I also think it's a good idea to block:
Disallow: /goto/
Disallow: /posts/
The /goto/ directory is chock full of 301 redirects that are of no use. There isn't even any pagerank that flows through the URLs because the links are now (as of a recent XenForo software update) marked with nofollow. So basically, they're useless to search engines. The same thing with the /posts/ directory. On top of the 301 redirects though, this directory includes very thin noindex pages, which are useless for search engines to crawl.

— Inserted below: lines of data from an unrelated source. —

lemma nn_integral_laplace_density:
  assumes "0 < l"
  shows "(\<integral>\<^sup>+t. ennreal (laplace_density l m t) \<partial>lborel) = 1"
proof -
  let ?E = "\<lambda>t. ennreal (exponential_density l t)"
  have E: "(\<integral>\<^sup>+t. ?E t \<partial>lborel) = 1"
    using prob_space.emeasure_space_1[OF prob_space_exponential_density[OF assms]]
    by (simp add: emeasure_density)
  have "?E \<in> borel_measurable borel"
    unfolding exponential_density_def by measurable
  then have E_neg: "(\<integral>\<^sup>+t. ?E (- t) \<partial>lborel) = 1"
    using nn_integral_real_affine[of ?E "-1" 0] E by simp
  have "(\<integral>\<^sup>+t. ennreal (laplace_density l m t) \<partial>lborel)
      = (\<integral>\<^sup>+t. ennreal (laplace_density l m (m + t)) \<partial>lborel)"
    using nn_integral_real_affine[of "\<lambda>t. ennreal (laplace_density l m t)" 1 m] by simp
  also have "\<dots> = (\<integral>\<^sup>+t. (?E t + ?E (- t)) / 2 \<partial>lborel)"
  proof (rule nn_integral_cong_AE)
    show "AE t in lborel. ennreal (laplace_density l m (m + t)) = (?E t + ?E (- t)) / 2"
      using AE_lborel_singleton[of 0]
    proof eventually_elim
      case (elim t)
      then show ?case
        using exponential_density_nonneg[OF assms, of t] exponential_density_nonneg[OF assms, of "- t"]
        by (simp add: laplace_density_eq_exponential ennreal_divide_numeral[symmetric] ennreal_plus)
    qed
  qed
  also have "\<dots> = 1"
    by (simp add: nn_integral_divide nn_integral_add E E_neg)
  finally show ?thesis .
qed

lemma nn_integral_laplace_density_prod:
  fixes a :: "real^'d"
  assumes "0 < l"
  shows "(\<integral>\<^sup>+z. ennreal (\<Prod>i\<in>UNIV. laplace_density l (a $ i) (z $ i)) \<partial>lborel) = 1"
proof -
  let ?f = "\<lambda>(b :: real^'d) t. ennreal (laplace_density l (a \<bullet> b) t)"
  have Basis: "(Basis :: (real^'d) set) = range (\<lambda>i. axis i 1)" and inj: "inj (\<lambda>i::'d. axis i (1::real))"
    by (auto simp: Basis_vec_def inj_on_def axis_eq_axis)
  have "ennreal (\<Prod>i\<in>UNIV. laplace_density l (a $ i) (z $ i)) = (\<Prod>b\<in>Basis. ?f b (z \<bullet> b))" for z :: "real^'d"
    using assms
    by (simp add: Basis prod.reindex[OF inj] inner_axis prod_ennreal laplace_density_nonneg)
  then have "(\<integral>\<^sup>+z. ennreal (\<Prod>i\<in>UNIV. laplace_density l (a $ i) (z $ i)) \<partial>lborel)
      = (\<integral>\<^sup>+z. (\<Prod>b\<in>Basis. ?f b (z \<bullet> b)) \<partial>lborel)"
    by simp
  also have "\<dots> = (\<Prod>b\<in>Basis. \<integral>\<^sup>+t. ?f b t \<partial>lborel)"
    by (rule nn_integral_lborel_prod) auto
  also have "\<dots> = 1"
    using assms by (simp add: nn_integral_laplace_density)
  finally show ?thesis .
qed

lemma laplace_mech_eq_density:
  "laplace_mech C \<epsilon> g =
     density lborel (\<lambda>z. ennreal (\<Prod>i\<in>UNIV. laplace_density (\<epsilon> / C) (l1_clip C g $ i) (z $ i)))"
  unfolding laplace_mech_def laplace_density_def by (simp add: mult.commute)

lemma prob_space_laplace_mech:
  assumes "0 < C" "0 < \<epsilon>"
  shows "prob_space (laplace_mech C \<epsilon> g)"
  using nn_integral_laplace_density_prod[of "\<epsilon> / C" "l1_clip C g"] assms
  by (intro prob_spaceI) (simp add: laplace_mech_eq_density emeasure_density)

lemma measurable_laplace_mech:
  assumes "0 < C" "0 < \<epsilon>"
  shows "laplace_mech C \<epsilon> \<in> borel \<rightarrow>\<^sub>M subprob_algebra (borel :: (real^'d) measure)"
proof (rule measurable_subprob_algebra)
  fix A :: "(real^'d) set" assume [measurable]: "A \<in> sets borel"
  have "(\<lambda>(g, z). ennreal (\<Prod>i\<in>UNIV. laplace_density (\<epsilon> / C) (l1_clip C g $ i) (z $ i)) * indicator A z)
      \<in> borel_measurable (borel \<Otimes>\<^sub>M lborel)"
    unfolding laplace_density_def l1_clip_def by measurable
  then show "(\<lambda>g. emeasure (laplace_mech C \<epsilon> g) A) \<in> borel_measurable borel"
    using lborel.borel_measurable_nn_integral
    by (simp add: laplace_mech_eq_density emeasure_density)
next
  show "subprob_space (laplace_mech C \<epsilon> g)" for g
    using prob_space_laplace_mech[OF assms] by (rule prob_space_imp_subprob_space)
qed (simp add: laplace_mech_eq_density)

lemma l1_norm_l1_clip_le:
  assumes "0 < C"
  shows "(\<Sum>i\<in>UNIV. \<bar>l1_clip C g $ i\<bar>) \<le> C / 2"
proof -
  let ?S = "\<Sum>i\<in>UNIV. \<bar>g $ i\<bar>"
  let ?m = "max 1 (?S / (C / 2))"
  have "(\<Sum>i\<in>UNIV. \<bar>l1_clip C g $ i\<bar>) = ?S / ?m"
    by (simp add: l1_clip_def sum_divide_distrib)
  also have "\<dots> \<le> C / 2"
  proof -
    have "?S = C / 2 * (?S / (C / 2))" using assms by simp
    also have "\<dots> \<le> C / 2 * ?m" using assms by (intro mult_left_mono) auto
    finally show ?thesis by (simp add: pos_divide_le_eq mult.commute)
  qed
  finally show ?thesis .
qed

lemma l1_dist_l1_clip_le:
  assumes "0 < C"
  shows "(\<Sum>i\<in>UNIV. \<bar>l1_clip C x $ i - l1_clip C y $ i\<bar>) \<le> C"
proof -
  have "(\<Sum>i\<in>UNIV. \<bar>l1_clip C x $ i - l1_clip C y $ i\<bar>)
      \<le> (\<Sum>i\<in>UNIV. \<bar>l1_clip C x $ i\<bar>) + (\<Sum>i\<in>UNIV. \<bar>l1_clip C y $ i\<bar>)"
    by (simp add: sum.distrib[symmetric] sum_mono abs_triangle_ineq4)
  also have "\<dots> \<le> C"
    using l1_norm_l1_clip_le[OF assms, of x] l1_norm_l1_clip_le[OF assms, of y] by simp
  finally show ?thesis .
qed

lemma laplace_density_prod_ratio:
  fixes a b z :: "real^'d"
  assumes "0 \<le> l"
  shows "(\<Prod>i\<in>UNIV. laplace_density l (a $ i) (z $ i))
    \<le> exp (l * (\<Sum>i\<in>UNIV. \<bar>a $ i - b $ i\<bar>)) * (\<Prod>i\<in>UNIV. laplace_density l (b $ i) (z $ i))"
proof -
  have "(\<Prod>i\<in>UNIV. laplace_density l (a $ i) (z $ i))
      \<le> (\<Prod>i\<in>UNIV. exp (l * \<bar>a $ i - b $ i\<bar>) * laplace_density l (b $ i) (z $ i))"
    by (intro prod_mono conjI laplace_density_nonneg laplace_density_ratio assms)
  then show ?thesis
    by (simp add: prod.distrib exp_sum sum_distrib_left)
qed

lemma laplace_mech_ratio:
  assumes "0 < C" "0 < \<epsilon>"
  shows "measure_ratio_le (exp \<epsilon>) (laplace_mech C \<epsilon> x) (laplace_mech C \<epsilon> y)"
proof -
  let ?l = "\<epsilon> / C"
  let ?p = "\<lambda>v z. \<Prod>i\<in>UNIV. laplace_density ?l (l1_clip C v $ i) (z $ i)"
  have l: "0 \<le> ?l" using assms by simp
  have "?l * (\<Sum>i\<in>UNIV. \<bar>l1_clip C x $ i - l1_clip C y $ i\<bar>) \<le> ?l * C"
    using l1_dist_l1_clip_le[OF assms(1)] l by (rule mult_left_mono)
  then have exp_le: "exp (?l * (\<Sum>i\<in>UNIV. \<bar>l1_clip C x $ i - l1_clip C y $ i\<bar>)) \<le> exp \<epsilon>"
    using assms by simp
  have p_nonneg: "0 \<le> ?p v z" for v z
    using l by (simp add: prod_nonneg laplace_density_nonneg)
  have "?p x z \<le> exp \<epsilon> * ?p y z" for z
    using laplace_density_prod_ratio[OF l, of "l1_clip C x" z "l1_clip C y"]
      mult_right_mono[OF exp_le p_nonneg[of y z]]
    by linarith
  then have "ennreal (?p x z) \<le> ennreal (exp \<epsilon>) * ennreal (?p y z)" for z
    using p_nonneg[of y z] by (simp add: ennreal_mult[symmetric] ennreal_leI)
  then show ?thesis
    unfolding laplace_mech_eq_density
    by (intro measure_ratio_le_density) (simp_all add: laplace_density_def)
qed

section \<open>The projected random sign mechanism\<close>

lemma measurable_emeasure_pmf_finite_support:
  assumes "finite S" and "\<And>x. x \<in> space M \<Longrightarrow> set_pmf (p x) \<subseteq> S"
    and "\<And>y. y \<in> S \<Longrightarrow> (\<lambda>x. pmf (p x) y) \<in> borel_measurable M"
  shows "(\<lambda>x. emeasure (measure_pmf (p x)) A) \<in> borel_measurable M"
proof -
  have "emeasure (measure_pmf (p x)) A = (\<Sum>y\<in>A \<inter> S. ennreal (pmf (p x) y))" if "x \<in> space M" for x
  proof -
    have "A \<inter> S \<inter> set_pmf (p x) = A \<inter> set_pmf (p x)"
      using assms(2)[OF that] by blast
    then have "emeasure (measure_pmf (p x)) A = emeasure (measure_pmf (p x)) (A \<inter> S)"
      by (metis emeasure_Int_set_pmf)
    then show ?thesis
      using assms(1) by (simp add: emeasure_measure_pmf_finite)
  qed
  then show ?thesis
    using assms(3) by (subst measurable_cong) (auto intro!: borel_measurable_sum)
qed

definition sign_pmf :: "real \<Rightarrow> real \<Rightarrow> real pmf" where
  "sign_pmf C q = map_pmf (\<lambda>b. if b then C else - C) (bernoulli_pmf q)"

definition prs_sign_prob :: "real \<Rightarrow> real \<Rightarrow> real^'k::finite \<Rightarrow> 'k \<Rightarrow> real" where
  "prs_sign_prob C \<epsilon> u i = prs_prob C \<epsilon> CARD('k) (min C (max (- C) (u $ i)))"

lemma prs_signs_pmf_eq:
  "prs_signs_pmf TYPE('k::finite) C \<epsilon> u =
     map_pmf (\<lambda>f. \<chi> i. f i) (Pi_pmf UNIV 0 (\<lambda>i::'k. sign_pmf C (prs_sign_prob C \<epsilon> u i)))"
  unfolding prs_signs_pmf_def sign_pmf_def prs_sign_prob_def ..

lemma set_pmf_sign_pmf: "set_pmf (sign_pmf C q) \<subseteq> {C, - C}"
  by (auto simp: sign_pmf_def)

lemma pmf_sign_pmf:
  assumes "0 < C" and "0 \<le> q" "q \<le> 1"
  shows "pmf (sign_pmf C q) v = (if v = C then q else if v = - C then 1 - q else 0)"
proof -
  have inj: "inj (\<lambda>b. if b then C else - C)"
    using assms(1) by (auto simp: inj_on_def split: if_splits)
  consider "v = C" | "v = - C" | "v \<noteq> C" "v \<noteq> - C" by blast
  then show ?thesis
  proof cases
    case 1
    then show ?thesis using pmf_map_inj'[OF inj, of _ True] assms by (simp add: sign_pmf_def)
  next
    case 2
    then show ?thesis using pmf_map_inj'[OF inj, of _ False] assms by (simp add: sign_pmf_def)
  next
    case 3
    then have "v \<notin> set_pmf (sign_pmf C q)" using set_pmf_sign_pmf by blast
    with 3 show ?thesis by (simp add: pmf_eq_0_set_pmf)
  qed
qed

lemma pmf_sign_pmf_ratio:
  assumes "0 < C" and "1 \<le> x"
    and q1: "1 / (x + 1) \<le> q1" "q1 \<le> x / (x + 1)"
    and q2: "1 / (x + 1) \<le> q2" "q2 \<le> x / (x + 1)"
  shows "pmf (sign_pmf C q1) v \<le> x * pmf (sign_pmf C q2) v"
proof -
  have "0 \<le> 1 / (x + 1)" "x / (x + 1) \<le> 1" using assms(2) by simp_all
  then have probs: "0 \<le> q1" "q1 \<le> 1" "0 \<le> q2" "q2 \<le> 1" using q1 q2 by linarith+
  have "q1 \<le> x * (1 / (x + 1))" using q1(2) by simp
  also have "\<dots> \<le> x * q2" using q2(1) assms(2) by (intro mult_left_mono) auto
  finally have plus: "q1 \<le> x * q2" .
  have "1 - q1 \<le> x * (1 - x / (x + 1))" using q1(1) assms(2) by (simp add: field_simps)
  also have "\<dots> \<le> x * (1 - q2)" using q2(2) assms(2) by (intro mult_left_mono) auto
  finally have minus: "1 - q1 \<le> x * (1 - q2)" .
  show ?thesis
    using plus minus by (simp add: pmf_sign_pmf[OF assms(1) probs(1,2)] pmf_sign_pmf[OF assms(1) probs(3,4)])
qed

lemma prs_prob_bounds:
  fixes dh :: nat
  assumes "0 < C" "0 \<le> \<epsilon>" "- C \<le> u" "u \<le> C"
  defines "x \<equiv> exp (\<epsilon> / real dh)"
  shows "1 / (x + 1) \<le> prs_prob C \<epsilon> dh u" and "prs_prob C \<epsilon> dh u \<le> x / (x + 1)"
proof -
  let ?t = "(u + C) / (2 * C)"
  have x: "1 \<le> x" unfolding x_def using assms(2) by simp
  have t: "0 \<le> ?t" "?t \<le> 1" using assms(1,3,4) by simp_all
  have p: "prs_prob C \<epsilon> dh u = 1 / (x + 1) + ?t * ((x - 1) / (x + 1))"
    unfolding prs_prob_def x_def ..
  have "0 \<le> ?t * ((x - 1) / (x + 1))" using mult_nonneg_nonneg[OF t(1), of "(x - 1) / (x + 1)"] x by simp
  then show "1 / (x + 1) \<le> prs_prob C \<epsilon> dh u" unfolding p by simp
  have "?t * ((x - 1) / (x + 1)) \<le> (x - 1) / (x + 1)"
    using t x by (intro mult_left_le_one_le) simp_all
  then have "prs_prob C \<epsilon> dh u \<le> 1 / (x + 1) + (x - 1) / (x + 1)"
    unfolding p by simp
  also have "\<dots> = x / (x + 1)"
    by (simp flip: add_divide_distrib)
  finally show "prs_prob C \<epsilon> dh u \<le> x / (x + 1)" .
qed

lemma prs_sign_prob_bounds:
  fixes u :: "real^'k::finite"
  assumes "0 < C" "0 \<le> \<epsilon>"
  defines "x \<equiv> exp (\<epsilon> / real CARD('k))"
  shows "1 / (x + 1) \<le> prs_sign_prob C \<epsilon> u i" and "prs_sign_prob C \<epsilon> u i \<le> x / (x + 1)"
    and "0 \<le> prs_sign_prob C \<epsilon> u i" and "prs_sign_prob C \<epsilon> u i \<le> 1"
proof -
  show lower: "1 / (x + 1) \<le> prs_sign_prob C \<epsilon> u i" and upper: "prs_sign_prob C \<epsilon> u i \<le> x / (x + 1)"
    unfolding prs_sign_prob_def x_def using prs_prob_bounds[OF assms(1,2)] assms(1) by simp_all
  have "0 \<le> 1 / (x + 1)" "x / (x + 1) \<le> 1" unfolding x_def by (simp_all add: add_pos_nonneg)
  with lower upper show "0 \<le> prs_sign_prob C \<epsilon> u i" "prs_sign_prob C \<epsilon> u i \<le> 1" by linarith+
qed

lemma prs_signs_pmf_ratio:
  assumes "0 < C" "0 \<le> \<epsilon>"
  shows "measure_ratio_le (exp \<epsilon>) (measure_pmf (prs_signs_pmf TYPE('k::finite) C \<epsilon> u1))
           (measure_pmf (prs_signs_pmf TYPE('k) C \<epsilon> u2))"
proof -
  let ?q = "prs_sign_prob C \<epsilon>"
  let ?x = "exp (\<epsilon> / real CARD('k))"
  have "pmf (Pi_pmf UNIV 0 (\<lambda>i. sign_pmf C (?q u1 i))) f
      \<le> exp \<epsilon> * pmf (Pi_pmf UNIV 0 (\<lambda>i. sign_pmf C (?q u2 i))) f" for f
  proof -
    have "(\<Prod>i\<in>UNIV. pmf (sign_pmf C (?q u1 i)) (f i)) \<le> (\<Prod>i\<in>UNIV. ?x * pmf (sign_pmf C (?q u2 i)) (f i))"
      using assms(2)
      by (intro prod_mono conjI pmf_nonneg pmf_sign_pmf_ratio[OF assms(1)] prs_sign_prob_bounds[OF assms]) simp
    also have "\<dots> = exp \<epsilon> * (\<Prod>i\<in>UNIV. pmf (sign_pmf C (?q u2 i)) (f i))"
      by (simp add: prod.distrib exp_of_nat_mult[symmetric])
    finally show ?thesis by (simp add: pmf_Pi)
  qed
  then show ?thesis
    unfolding prs_signs_pmf_eq by (intro measure_ratio_le_map_pmf measure_ratio_le_pmf) simp_all
qed

lemma prs_mech_eq:
  "prs_mech k C \<epsilon> g = measure_pmf (prs_matrix_pmf \<bind>
     (\<lambda>M. map_pmf (\<lambda>s. transpose M *v s) (prs_signs_pmf k C \<epsilon> (M *v g))))"
  unfolding prs_mech_def map_pmf_def ..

Now here's where things get interesting. Should we be blocking these directories?
Disallow: /members/
Disallow: /attachments/
Some of the largest and most successful forums I've seen do, in fact, block those pages. Some don't. I don't know. I guess it depends on how popular these sites are and how many links they've got pointing to them. Who knows. What I do know is that unless you've only got a few members and their pages are very full of useful content, you should probably block member pages. The attachments links are useless and they'll end up as soft 404s if you don't block them in the permissions or inside of robots.txt. Directories such as /login/, /misc/, /help/, and so on are small potatoes. Blocking them might be a good idea just to save crawl budget, but the contents contained within them is so insignificant that I don't think they'll be a change one way or the other.
So what's your opinion? What should be be blocking inside of our XenForo robots.txt files? What do we not want the search engine crawlers to crawl?